Your task is to copy the lines of the data below from the line holding "assms(2) by (simp add: fun_eq_iff)" through the line holding "(rule module_hom.subspace_kernel[OF assms(1)])", inclusive, exactly and with nothing added.

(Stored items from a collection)
------------------------------

(* Let $M$ be a $2$-torsion free $k$-algebra. Let $E$ be the set of idempotent anti-pre-endomorphisms of $M$, i.e. $k$-linear maps $e\colon M\to M$ with $e\circ e=e$ that are anti-pre-morphisms, and let $P$ be the set of pairs $(K,B)$ of $k$-submodules of $M$ such that $M=K\oplus B$ as $k$-modules, $xy-yx\in K$ for all $x,y\in M$, and $bb'=b'b$ for all $b,b'\in B$. Then $e\mapsto(\ker(e),e(M))$ is a bijection $E\to P$ (with inverse sending $(K,B)$ to the projection of $M=K\oplus B$ onto $B$ along $K$, viewed as an endomorphism of $M$).
   Context: $k$ is a commutative ring with identity; a $k$-algebra is a $k$-module with a $k$-bilinear, not necessarily associative, product. $M$ is $2$-torsion free if $x+x=0$ implies $x=0$. A $k$-linear map $\varphi$ is an anti-pre-morphism if $\varphi(xy)+\varphi(x)\varphi(y)=\varphi(yx)+\varphi(y)\varphi(x)$ for all $x,y$. *)

theory Defs
  imports Main "HOL.Modules"
begin

definition k_algebra :: "('k::comm_ring_1 \<Rightarrow> 'm::ab_group_add \<Rightarrow> 'm) \<Rightarrow> ('m \<Rightarrow> 'm \<Rightarrow> 'm) \<Rightarrow> bool" where
  "k_algebra scale mult \<longleftrightarrow> Modules.module scale \<and>
     (\<forall>x y z. mult (x + y) z = mult x z + mult y z) \<and>
     (\<forall>x y z. mult x (y + z) = mult x y + mult x z) \<and>
     (\<forall>a x y. mult (scale a x) y = scale a (mult x y)) \<and>
     (\<forall>a x y. mult x (scale a y) = scale a (mult x y))"

definition two_torsion_free :: "'m::ab_group_add itself \<Rightarrow> bool" where
  "two_torsion_free _ \<longleftrightarrow> (\<forall>x::'m. x + x = 0 \<longrightarrow> x = 0)"

definition anti_pre_morphism :: "('m \<Rightarrow> 'm \<Rightarrow> 'm::ab_group_add) \<Rightarrow> ('m \<Rightarrow> 'm) \<Rightarrow> bool" where
  "anti_pre_morphism mult \<phi> \<longleftrightarrow>
     (\<forall>x y. \<phi> (mult x y) + mult (\<phi> x) (\<phi> y) = \<phi> (mult y x) + mult (\<phi> y) (\<phi> x))"

definition idem_anti_pre_endos ::
  "('k::comm_ring_1 \<Rightarrow> 'm::ab_group_add \<Rightarrow> 'm) \<Rightarrow> ('m \<Rightarrow> 'm \<Rightarrow> 'm) \<Rightarrow> ('m \<Rightarrow> 'm) set" where
  "idem_anti_pre_endos scale mult =
     {e. Modules.module_hom scale scale e \<and> e \<circ> e = e \<and> anti_pre_morphism mult e}"

definition ker :: "('m \<Rightarrow> 'm::zero) \<Rightarrow> 'm set" where
  "ker e = {x. e x = 0}"

definition comm_split_pairs ::
  "('k::comm_ring_1 \<Rightarrow> 'm::ab_group_add \<Rightarrow> 'm) \<Rightarrow> ('m \<Rightarrow> 'm \<Rightarrow> 'm) \<Rightarrow> ('m set \<times> 'm set) set" where
  "comm_split_pairs scale mult =
     {(K, B). Modules.module.subspace scale K \<and> Modules.module.subspace scale B \<and>
        K \<inter> B = {0} \<and> (\<forall>x. \<exists>a\<in>K. \<exists>b\<in>B. x = a + b) \<and>
        (\<forall>x y. mult x y - mult y x \<in> K) \<and>
        (\<forall>b\<in>B. \<forall>b'\<in>B. mult b b' = mult b' b)}"

definition proj_along :: "'m::ab_group_add set \<Rightarrow> 'm set \<Rightarrow> 'm \<Rightarrow> 'm" where
  "proj_along K B x = (THE b. b \<in> B \<and> x - b \<in> K)"

end

theory Submission
  imports Defs
begin

text \<open>
  An idempotent linear map e is the projection of M = ker e \<oplus> e(M) onto e(M).
  For b, b' \<in> e(M) the anti-pre-morphism identity reads e(z) = -z with z = bb' - b'b;
  applying e once more gives e(z) = -e(z), so e(z) = 0 by 2-torsion freeness and hence z = 0.
  Thus e(M) is commutative, and then the identity says e(xy) = e(yx), i.e. commutators lie
  in ker e. Conversely, if commutators lie in K and B is commutative, both sides of the
  identity for the projection onto B along K split into equal halves.
\<close>

context module
begin

lemma proj_along_eqI:
  assumes "subspace K" "subspace B" "K \<inter> B = {0}" "b \<in> B" "x - b \<in> K"
  shows "proj_along K B x = b"
  unfolding proj_along_def
proof (rule the_equality)
  show "b \<in> B \<and> x - b \<in> K" using assms by simp
  fix b' assume b': "b' \<in> B \<and> x - b' \<in> K"
  have "b' - b \<in> B" using subspace_diff[OF \<open>subspace B\<close>] b' \<open>b \<in> B\<close> by blast
  moreover have "(x - b) - (x - b') \<in> K" using subspace_diff[OF \<open>subspace K\<close>] b' \<open>x - b \<in> K\<close> by blast
  ultimately have "b' - b \<in> K \<inter> B" by simp
  then show "b' = b" using \<open>K \<inter> B = {0}\<close> by simp
qed

lemma proj_along_mem:
  assumes "subspace K" "subspace B" "K \<inter> B = {0}" "\<forall>x. \<exists>a\<in>K. \<exists>b\<in>B. x = a + b"
  shows "proj_along K B x \<in> B" and "x - proj_along K B x \<in> K"
proof -
  obtain a b where "a \<in> K" "b \<in> B" "x = a + b" using assms(4) by blast
  then have "proj_along K B x = b" using proj_along_eqI[OF assms(1-3)] by simp
  then show "proj_along K B x \<in> B" and "x - proj_along K B x \<in> K"
    using \<open>a \<in> K\<close> \<open>b \<in> B\<close> \<open>x = a + b\<close> by simp_all
qed

lemma
  assumes "subspace K" "subspace B" "K \<inter> B = {0}" "\<forall>x. \<exists>a\<in>K. \<exists>b\<in>B. x = a + b"
  shows module_hom_proj_along: "module_hom scale scale (proj_along K B)"
    and proj_along_idem: "proj_along K B \<circ> proj_along K B = proj_along K B"
    and ker_proj_along: "ker (proj_along K B) = K"
    and range_proj_along: "range (proj_along K B) = B"
proof -
  let ?p = "proj_along K B"
  note mem = proj_along_mem[OF assms]
  note eqI = proj_along_eqI[OF assms(1-3)]
  show "module_hom scale scale ?p"
  proof (unfold_locales)
    fix x y
    have "x - ?p x + (y - ?p y) \<in> K" using subspace_add[OF assms(1)] mem by blast
    then show "?p (x + y) = ?p x + ?p y"
      using eqI subspace_add[OF assms(2)] mem by (simp add: algebra_simps)
  next
    fix r x
    have "scale r (x - ?p x) \<in> K" using subspace_scale[OF assms(1)] mem by blast
    then show "?p (scale r x) = scale r (?p x)"
      using eqI subspace_scale[OF assms(2)] mem by (simp add: scale_right_diff_distrib)
  qed
  have fix_B: "?p b = b" if "b \<in> B" for b
    using eqI[OF that] subspace_0[OF assms(1)] by simp
  show "?p \<circ> ?p = ?p" using fix_B mem by auto
  show "ker ?p = K"
  proof
    show "ker ?p \<subseteq> K"
    proof
      fix x assume "x \<in> ker ?p"
      then show "x \<in> K" using mem(2)[of x] by (simp add: ker_def)
    qed
    show "K \<subseteq> ker ?p" using eqI[OF subspace_0[OF assms(2)]] by (auto simp: ker_def)
  qed
  show "range ?p = B"
  proof
    show "range ?p \<subseteq> B" using mem(1) by auto
    show "B \<subseteq> range ?p" using fix_B by (metis rangeI subsetI)
  qed
qed

lemma
  assumes "module_hom scale scale e" "e \<circ> e = e"
  shows subspace_ker_idem: "subspace (ker e)"
    and subspace_range_idem: "subspace (range e)"
    and ker_inter_range_idem: "ker e \<inter> range e = {0}"
    and ker_plus_range_idem: "\<forall>x. \<exists>a\<in>ker e. \<exists>b\<in>range e. x = a + b"
    and proj_along_ker_range: "proj_along (ker e) (range e) = e"
proof -
  have idem: "e (e x) = e x" for x using assms(2) by (simp add: fun_eq_iff)
  have res_ker: "x - e x \<in> ker e" for x
    using module_hom.diff[OF assms(1)] idem by (simp add: ker_def)
  show "subspace (ker e)" unfolding ker_def by (rule module_hom.subspace_kernel[OF assms(1)])
  show "subspace (range e)" by (rule module_hom.subspace_image[OF assms(1) subspace_UNIV])
  show "ker e \<inter> range e = {0}"
    using idem module_hom.zero[OF assms(1)] by (auto simp: ker_def)
  show "\<forall>x. \<exists>a\<in>ker e. \<exists>b\<in>range e. x = a + b"
    using res_ker by (metis diff_add_cancel rangeI)
  then show "proj_along (ker e) (range e) = e"
    using proj_along_eqI \<open>subspace (ker e)\<close> \<open>subspace (range e)\<close> \<open>ker e \<inter> range e = {0}\<close> res_ker
    by (auto simp: fun_eq_iff)
qed

end

lemma range_commute_if_anti_pre_morphism:
  fixes e :: "'m::ab_group_add \<Rightarrow> 'm"
  assumes "two_torsion_free TYPE('m)" "anti_pre_morphism mult e" "e \<circ> e = e"
    and diff: "\<And>x y. e (x - y) = e x - e y"
    and "b \<in> range e" "b' \<in> range e"
  shows "mult b b' = mult b' b"
proof -
  have idem: "e (e x) = e x" for x using assms(3) by (simp add: fun_eq_iff)
  have "e b = b" "e b' = b'" using \<open>b \<in> range e\<close> \<open>b' \<in> range e\<close> idem by auto
  define z where "z = mult b b' - mult b' b"
  have "e (mult b b') + mult b b' = e (mult b' b) + mult b' b"
    using assms(2) \<open>e b = b\<close> \<open>e b' = b'\<close> unfolding anti_pre_morphism_def by metis
  then have ez: "e z = - z"
    unfolding z_def diff by (simp add: algebra_simps)
  have "e (- z) = - e z" using diff[of 0 0] diff[of 0 z] by simp
  then have "e z = - e z" using idem[of z] ez by simp
  then have "e z + e z = 0" by (simp add: eq_neg_iff_add_eq_0)
  then have "e z = 0" using assms(1) unfolding two_torsion_free_def by blast
  then show ?thesis using ez unfolding z_def by simp
qed

lemma commutator_in_ker_if_range_commute:
  assumes "anti_pre_morphism mult e" "\<And>x y. e (x - y) = e x - e y"
    and "\<And>x y. mult (e x) (e y) = mult (e y) (e x)"
  shows "mult x y - mult y x \<in> ker e"
proof -
  have "e (mult x y) = e (mult y x)"
    using assms(1,3) unfolding anti_pre_morphism_def by (metis add_right_cancel)
  then show ?thesis using assms(2) by (simp add: ker_def)
qed

lemma anti_pre_morphism_if_commutators_in_ker:
  assumes "\<And>x y. e (x - y) = e x - e y" "\<And>x y. mult x y - mult y x \<in> ker e"
    and "\<And>x y. mult (e x) (e y) = mult (e y) (e x)"
  shows "anti_pre_morphism mult e"
  unfolding anti_pre_morphism_def
proof (intro allI)
  fix x y
  have "e (mult x y) - e (mult y x) = 0"
    using assms(1)[of "mult x y" "mult y x"] assms(2)[of x y] by (simp add: ker_def)
  then show "e (mult x y) + mult (e x) (e y) = e (mult y x) + mult (e y) (e x)"
    using assms(3) by simp
qed

lemma proj_along_in_idem_anti_pre_endos:
  assumes "module scale" "(K, B) \<in> comm_split_pairs scale mult"
  shows "proj_along K B \<in> idem_anti_pre_endos scale mult"
    and "(ker (proj_along K B), range (proj_along K B)) = (K, B)"
proof -
  interpret module scale by fact
  have split: "subspace K" "subspace B" "K \<inter> B = {0}" "\<forall>x. \<exists>a\<in>K. \<exists>b\<in>B. x = a + b"
    and comm: "\<And>x y. mult x y - mult y x \<in> K" "\<forall>b\<in>B. \<forall>b'\<in>B. mult b b' = mult b' b"
    using assms(2) unfolding comm_split_pairs_def by auto
  note hom = module_hom_proj_along[OF split]
  have "anti_pre_morphism mult (proj_along K B)"
    using module_hom.diff[OF hom] comm ker_proj_along[OF split] proj_along_mem(1)[OF split]
    by (intro anti_pre_morphism_if_commutators_in_ker) auto
  then show "proj_along K B \<in> idem_anti_pre_endos scale mult"
    using hom proj_along_idem[OF split] unfolding idem_anti_pre_endos_def by simp
  show "(ker (proj_along K B), range (proj_along K B)) = (K, B)"
    using ker_proj_along[OF split] range_proj_along[OF split] by simp
qed

lemma ker_range_in_comm_split_pairs:
  fixes e :: "'m::ab_group_add \<Rightarrow> 'm"
  assumes "module scale" "two_torsion_free TYPE('m)" "e \<in> idem_anti_pre_endos scale mult"
  shows "(ker e, range e) \<in> comm_split_pairs scale mult"
    and "proj_along (ker e) (range e) = e"
proof -
  interpret module scale by fact
  have hom: "module_hom scale scale e" and idem: "e \<circ> e = e" and anti: "anti_pre_morphism mult e"
    using assms(3) unfolding idem_anti_pre_endos_def by auto
  have diff: "\<And>x y. e (x - y) = e x - e y" by (rule module_hom.diff[OF hom])
  have range_comm: "\<forall>b\<in>range e. \<forall>b'\<in>range e. mult b b' = mult b' b"
    using range_commute_if_anti_pre_morphism[OF assms(2) anti idem] diff by blast
  have "\<And>x y. mult x y - mult y x \<in> ker e"
    using commutator_in_ker_if_range_commute[OF anti] diff range_comm by blast
  then show "(ker e, range e) \<in> comm_split_pairs scale mult"
    unfolding comm_split_pairs_def
    using subspace_ker_idem[OF hom idem] subspace_range_idem[OF hom idem]
      ker_inter_range_idem[OF hom idem] ker_plus_range_idem[OF hom idem] range_comm
    by blast
  show "proj_along (ker e) (range e) = e" by (rule proj_along_ker_range[OF hom idem])
qed

theorem theorem5p3:
  fixes scale :: "'k::comm_ring_1 \<Rightarrow> 'm::ab_group_add \<Rightarrow> 'm"
    and mult :: "'m \<Rightarrow> 'm \<Rightarrow> 'm"
  assumes "k_algebra scale mult"
    and "two_torsion_free TYPE('m)"
  shows "bij_betw (\<lambda>e. (ker e, range e))
           (idem_anti_pre_endos scale mult) (comm_split_pairs scale mult)
       \<and> (\<forall>(K, B) \<in> comm_split_pairs scale mult.
            proj_along K B \<in> idem_anti_pre_endos scale mult
          \<and> (ker (proj_along K B), range (proj_along K B)) = (K, B))"
proof -
  have m: "module scale" using assms(1) unfolding k_algebra_def by simp
  note to_pair = ker_range_in_comm_split_pairs[OF m assms(2)]
  note from_pair = proj_along_in_idem_anti_pre_endos[OF m]
  have "bij_betw (\<lambda>e. (ker e, range e))
          (idem_anti_pre_endos scale mult) (comm_split_pairs scale mult)"
  proof (rule bij_betwI')
    fix e e' assume "e \<in> idem_anti_pre_endos scale mult" "e' \<in> idem_anti_pre_endos scale mult"
    then show "((ker e, range e) = (ker e', range e')) = (e = e')"
      using to_pair(2) by (metis prod.inject)
  next
    fix e assume "e \<in> idem_anti_pre_endos scale mult"
    then show "(ker e, range e) \<in> comm_split_pairs scale mult" by (rule to_pair(1))
  next
    fix P assume "P \<in> comm_split_pairs scale mult"
    moreover obtain K B where "P = (K, B)" by fastforce
    ultimately show "\<exists>e\<in>idem_anti_pre_endos scale mult. P = (ker e, range e)"
      using from_pair[of K B] by metis
  qed
  then show ?thesis using from_pair by blast
qed

end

------------------------------

Exercise output >>
  have idem: "e (e x) = e x" for x using assms(2) by (simp add: fun_eq_iff)
  have res_ker: "x - e x \<in> ker e" for x
    using module_hom.diff[OF assms(1)] idem by (simp add: ker_def)
  show "subspace (ker e)" unfolding ker_def by (rule module_hom.subspace_kernel[OF assms(1)])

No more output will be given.